*ASSIGNED TASK*: Beneath this line are the data; copy exactly the part of them that opens with the line containing "text \<open>" and closes with the line containing "J f \<longleftrightarrow>", and only that part.
---------- GIVEN DATA ----------
(* Let $\varepsilon^*$ be an ordinal and $\bar J=\langle J_\varepsilon:\varepsilon<\varepsilon^*\rangle$ a sequence of ideals, and let $\mu$ be a cardinal. Suppose $\mathrm{IND}(\bar J)$ holds and each $J_\varepsilon$ is $\mathrm{cov}(|\varepsilon^*|,\mu,\aleph_1,2)^+$-complete. Then there is an infinite set $u\subseteq\varepsilon^*$ with $|u|<\mu$ such that $\mathrm{IND}(\bar J\restriction u)$ holds.
   Context: For a set $S$ of ordinals and ideals $J_s$ ($s\in S$) each on the set $\mathrm{Dom}(J_s)$, $\mathrm{IND}(\langle J_s:s\in S\rangle)$ means: for every family $\langle f_{s,u}:s\in S,\ u\subseteq S$ finite with all elements of $u$ greater than $s\rangle$ where $f_{s,u}$ is a function from $\prod_{t\in u}\mathrm{Dom}(J_t)$ to $J_s$, there are $s_0<s_1<\dots$ in $S$ and $\alpha_\ell\in\mathrm{Dom}(J_{s_\ell})$ ($\ell<\omega$) such that for all $\ell<n<\omega$, with $u=\{s_{\ell+1},\dots,s_n\}$, we have $\alpha_\ell\notin f_{s_\ell,u}(\bar\alpha)$ where $\bar\alpha\in\prod_{t\in u}\mathrm{Dom}(J_t)$ assigns $\alpha_m$ to $s_m$. $\bar J\restriction u=\langle J_s:s\in u\rangle$. An ideal is $\chi$-complete if closed under unions of fewer than $\chi$ sets. $\mathrm{cov}(\lambda,\mu,\theta,\sigma)$ is the least cardinality of a family $\mathcal P\subseteq[\lambda]^{<\mu}$ such that every $A\in[\lambda]^{<\theta}$ is included in the union of fewer than $\sigma$ members of $\mathcal P$; so $\mathrm{cov}(\lambda,\mu,\aleph_1,2)$ is the least size of $\mathcal P\subseteq[\lambda]^{<\mu}$ such that every countable subset of $\lambda$ is included in some member of $\mathcal P$. *)

theory Defs
  imports Main "HOL-Library.FuncSet" "HOL-Library.Countable_Set"
begin

definition is_ideal :: "'a set \<Rightarrow> 'a set set \<Rightarrow> bool" where
  "is_ideal D I \<longleftrightarrow>
     (\<forall>A\<in>I. A \<subseteq> D) \<and> {} \<in> I \<and> D \<notin> I \<and>
     (\<forall>A\<in>I. \<forall>B. B \<subseteq> A \<longrightarrow> B \<in> I) \<and>
     (\<forall>A\<in>I. \<forall>B\<in>I. A \<union> B \<in> I)"

(* I is closed under unions of at most k many of its members,
   i.e. I is k^+-complete *)
definition closed_unions_upto :: "'a set set \<Rightarrow> 'b rel \<Rightarrow> bool" where
  "closed_unions_upto I k \<longleftrightarrow>
     (\<forall>\<A>. \<A> \<subseteq> I \<and> (card_of \<A>, k) \<in> ordLeq \<longrightarrow> \<Union>\<A> \<in> I)"

(* P is a witness family for cov(|E|, mu, aleph_1, 2): P \<subseteq> [E]^{<mu} and every
   countable subset of E is included in some member of P. *)
definition cov_family :: "'i set \<Rightarrow> 'c rel \<Rightarrow> 'i set set \<Rightarrow> bool" where
  "cov_family E mu P \<longleftrightarrow>
     (\<forall>X\<in>P. X \<subseteq> E \<and> (card_of X, mu) \<in> ordLess) \<and>
     (\<forall>A. A \<subseteq> E \<and> countable A \<longrightarrow> (\<exists>X\<in>P. A \<subseteq> X))"

(* The assignment
   alpha_bar (s_m := alpha_m) is represented by beta with beta (s m) = alpha_m. *)
definition IND :: "'i::linorder set \<Rightarrow> ('i \<Rightarrow> 'a set) \<Rightarrow> ('i \<Rightarrow> 'a set set) \<Rightarrow> bool" where
  "IND S Dom J \<longleftrightarrow>
     (\<forall>f :: 'i \<Rightarrow> 'i set \<Rightarrow> ('i \<Rightarrow> 'a) \<Rightarrow> 'a set.
        (\<forall>s\<in>S. \<forall>u. finite u \<and> u \<subseteq> S \<and> (\<forall>t\<in>u. s < t) \<longrightarrow>
            (\<forall>x\<in>PiE u Dom. f s u x \<in> J s))
        \<longrightarrow>
        (\<exists>(sq :: nat \<Rightarrow> 'i) (\<beta> :: 'i \<Rightarrow> 'a).
            (\<forall>n. sq n \<in> S) \<and> strict_mono sq \<and>
            (\<forall>n. \<beta> (sq n) \<in> Dom (sq n)) \<and>
            (\<forall>l n. l < n \<longrightarrow>
               \<beta> (sq l) \<notin> f (sq l) (sq ` {Suc l..n}) (restrict \<beta> (sq ` {Suc l..n})))))"

end

theory Submission
  imports Defs
begin

text \<open>
  Suppose no member X of a covering family P witnesses IND, and pick for each X a family
  f_X that refutes IND on X. At a pair (s, u) take the union of the values of all f_X with
  {s} \<union> u \<subseteq> X: these are at most |P| members of J s, so by completeness the union F is
  again a legal family on E. IND on E yields an \<omega>-sequence for F; its range is countable,
  hence contained in some X \<in> P, and the same sequence then defeats f_X, as f_X \<subseteq> F on X.
\<close>

definition IND_family ::
    "'i::linorder set \<Rightarrow> ('i \<Rightarrow> 'a set) \<Rightarrow> ('i \<Rightarrow> 'a set set) \<Rightarrow>
     ('i \<Rightarrow> 'i set \<Rightarrow> ('i \<Rightarrow> 'a) \<Rightarrow> 'a set) \<Rightarrow> bool" where
  "IND_family S Dom J f \<longleftrightarrow>
     (\<forall>s\<in>S. \<forall>u. finite u \<and> u \<subseteq> S \<and> (\<forall>t\<in>u. s < t) \<longrightarrow> (\<forall>x\<in>PiE u Dom. f s u x \<in> J s))"

definition IND_sequence ::
    "'i::linorder set \<Rightarrow> ('i \<Rightarrow> 'a set) \<Rightarrow> ('i \<Rightarrow> 'i set \<Rightarrow> ('i \<Rightarrow> 'a) \<Rightarrow> 'a set) \<Rightarrow>
     (nat \<Rightarrow> 'i) \<Rightarrow> ('i \<Rightarrow> 'a) \<Rightarrow> bool" where
  "IND_sequence S Dom f sq \<beta> \<longleftrightarrow>
     (\<forall>n. sq n \<in> S) \<and> strict_mono sq \<and> (\<forall>n. \<beta> (sq n) \<in> Dom (sq n)) \<and>
     (\<forall>l n. l < n \<longrightarrow>
        \<beta> (sq l) \<notin> f (sq l) (sq ` {Suc l..n}) (restrict \<beta> (sq ` {Suc l..n})))"

lemma IND_iff_sequences:
  "IND S Dom J \<longleftrightarrow> (\<forall>f. IND_family S Dom J f \<longrightarrow> (\<exists>sq \<beta>. IND_sequence S Dom f sq \<beta>))"
  unfolding IND_def IND_family_def IND_sequence_def by simp

lemma IND_infinite:
  assumes "IND S Dom J" and "\<forall>s\<in>S. {} \<in> J s"
  shows "infinite S"
proof -
  have "IND_family S Dom J (\<lambda>_ _ _. {})"
    using assms(2) unfolding IND_family_def by simp
  then obtain sq :: "nat \<Rightarrow> _" and \<beta> where "IND_sequence S Dom (\<lambda>_ _ _. {}) sq \<beta>"
    using assms(1) unfolding IND_iff_sequences by blast
  then have "range sq \<subseteq> S" "inj sq"
    by (auto simp: IND_sequence_def strict_mono_imp_inj_on)
  then show ?thesis
    using range_inj_infinite finite_subset by blast
qed

lemma IND_sequence_restrict:
  assumes "IND_sequence S Dom F sq \<beta>" and "range sq \<subseteq> X"
    and "\<And>s u x. s \<in> X \<Longrightarrow> u \<subseteq> X \<Longrightarrow> f s u x \<subseteq> F s u x"
  shows "IND_sequence X Dom f sq \<beta>"
  unfolding IND_sequence_def
proof (intro conjI allI impI)
  fix l n :: nat
  assume "l < n"
  let ?u = "sq ` {Suc l..n}"
  have "sq l \<in> X" "?u \<subseteq> X"
    using assms(2) by auto
  then have "f (sq l) ?u (restrict \<beta> ?u) \<subseteq> F (sq l) ?u (restrict \<beta> ?u)"
    by (rule assms(3))
  then show "\<beta> (sq l) \<notin> f (sq l) ?u (restrict \<beta> ?u)"
    using assms(1) \<open>l < n\<close> unfolding IND_sequence_def by blast
qed (use assms in \<open>auto simp: IND_sequence_def\<close>)

lemma IND_family_Union:
  assumes families: "\<forall>X\<in>P. IND_family X Dom J (f X)"
    and complete: "\<forall>s\<in>S. closed_unions_upto (J s) (card_of P)"
    and "\<forall>X\<in>P. X \<subseteq> S"
  shows "IND_family S Dom J (\<lambda>s u x. \<Union>X\<in>{X\<in>P. s \<in> X \<and> u \<subseteq> X}. f X s u x)"
  unfolding IND_family_def
proof (intro ballI allI impI)
  fix s u x
  assume s: "s \<in> S" and u: "finite u \<and> u \<subseteq> S \<and> (\<forall>t\<in>u. s < t)" and x: "x \<in> PiE u Dom"
  define P' where "P' = {X\<in>P. s \<in> X \<and> u \<subseteq> X}"
  have "(\<lambda>X. f X s u x) ` P' \<subseteq> J s"
    using families u x unfolding P'_def IND_family_def by blast
  moreover have "(card_of ((\<lambda>X. f X s u x) ` P'), card_of P) \<in> ordLeq"
  proof -
    have "(card_of P', card_of P) \<in> ordLeq"
      by (rule card_of_mono1) (auto simp: P'_def)
    then show ?thesis
      using card_of_image ordLeq_transitive by blast
  qed
  ultimately have "\<Union>((\<lambda>X. f X s u x) ` P') \<in> J s"
    using complete s unfolding closed_unions_upto_def by blast
  then show "(\<Union>X\<in>{X\<in>P. s \<in> X \<and> u \<subseteq> X}. f X s u x) \<in> J s"
    by (simp add: P'_def)
qed

lemma IND_on_covering_member:
  assumes ind: "IND S Dom J"
    and subsets: "\<forall>X\<in>P. X \<subseteq> S"
    and covering: "\<forall>A. A \<subseteq> S \<and> countable A \<longrightarrow> (\<exists>X\<in>P. A \<subseteq> X)"
    and complete: "\<forall>s\<in>S. closed_unions_upto (J s) (card_of P)"
  shows "\<exists>X\<in>P. IND X Dom J"
proof (rule ccontr)
  assume "\<not> ?thesis"
  then have "\<forall>X\<in>P. \<exists>g. IND_family X Dom J g \<and> \<not> (\<exists>sq \<beta>. IND_sequence X Dom g sq \<beta>)"
    unfolding IND_iff_sequences by blast
  then obtain f where refuting:
    "\<forall>X\<in>P. IND_family X Dom J (f X) \<and> \<not> (\<exists>sq \<beta>. IND_sequence X Dom (f X) sq \<beta>)"
    by (auto dest: bchoice)
  define F where "F s u x = (\<Union>X\<in>{X\<in>P. s \<in> X \<and> u \<subseteq> X}. f X s u x)" for s u x
  have "IND_family S Dom J F"
    unfolding F_def using IND_family_Union refuting complete subsets by blast
  then obtain sq :: "nat \<Rightarrow> _" and \<beta> where seq: "IND_sequence S Dom F sq \<beta>"
    using ind unfolding IND_iff_sequences by blast
  then have "range sq \<subseteq> S" "countable (range sq)"
    unfolding IND_sequence_def by auto
  then obtain X where X: "X \<in> P" "range sq \<subseteq> X"
    using covering by blast
  have "\<And>s u x. s \<in> X \<Longrightarrow> u \<subseteq> X \<Longrightarrow> f X s u x \<subseteq> F s u x"
    unfolding F_def using X(1) by blast
  then have "IND_sequence X Dom (f X) sq \<beta>"
    using IND_sequence_restrict[OF seq X(2)] by blast
  then show False
    using refuting X(1) by blast
qed

theorem mainTheorem7:
  fixes E :: "'i::wellorder set"
    and Dom :: "'i \<Rightarrow> 'a set"
    and J :: "'i \<Rightarrow> 'a set set"
    and mu :: "'c rel"
  assumes mu_card: "Card_order mu"
    and ideals: "\<forall>e\<in>E. is_ideal (Dom e) (J e)"
    and ind: "IND E Dom J"
    and complete: "\<exists>P. cov_family E mu P \<and>
                     (\<forall>Q. cov_family E mu Q \<longrightarrow> (card_of P, card_of Q) \<in> ordLeq) \<and>
                     (\<forall>e\<in>E. closed_unions_upto (J e) (card_of P))"
  shows "\<exists>u. u \<subseteq> E \<and> infinite u \<and> (card_of u, mu) \<in> ordLess \<and> IND u Dom J"
proof -
  obtain P where cov: "cov_family E mu P" and closed: "\<forall>e\<in>E. closed_unions_upto (J e) (card_of P)"
    using complete by blast
  have "\<forall>X\<in>P. X \<subseteq> E" "\<forall>A. A \<subseteq> E \<and> countable A \<longrightarrow> (\<exists>X\<in>P. A \<subseteq> X)"
    using cov unfolding cov_family_def by auto
  then obtain X where X: "X \<in> P" and ind_X: "IND X Dom J"
    using IND_on_covering_member[OF ind _ _ closed] by blast
  have small: "X \<subseteq> E" "(card_of X, mu) \<in> ordLess"
    using cov X unfolding cov_family_def by auto
  moreover have "infinite X"
    using IND_infinite[OF ind_X] ideals small(1) unfolding is_ideal_def by blast
  ultimately show ?thesis
    using ind_X by blast
qed

end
----------
*RESPONSE AREA*:
text \<open>
  Suppose no member X of a covering family P witnesses IND, and pick for each X a family
  f_X that refutes IND on X. At a pair (s, u) take the union of the values of all f_X with
  {s} \<union> u \<subseteq> X: these are at most |P| members of J s, so by completeness the union F is
  again a legal family on E. IND on E yields an \<omega>-sequence for F; its range is countable,
  hence contained in some X \<in> P, and the same sequence then defeats f_X, as f_X \<subseteq> F on X.
\<close>

definition IND_family ::
    "'i::linorder set \<Rightarrow> ('i \<Rightarrow> 'a set) \<Rightarrow> ('i \<Rightarrow> 'a set set) \<Rightarrow>
     ('i \<Rightarrow> 'i set \<Rightarrow> ('i \<Rightarrow> 'a) \<Rightarrow> 'a set) \<Rightarrow> bool" where
  "IND_family S Dom J f \<longleftrightarrow>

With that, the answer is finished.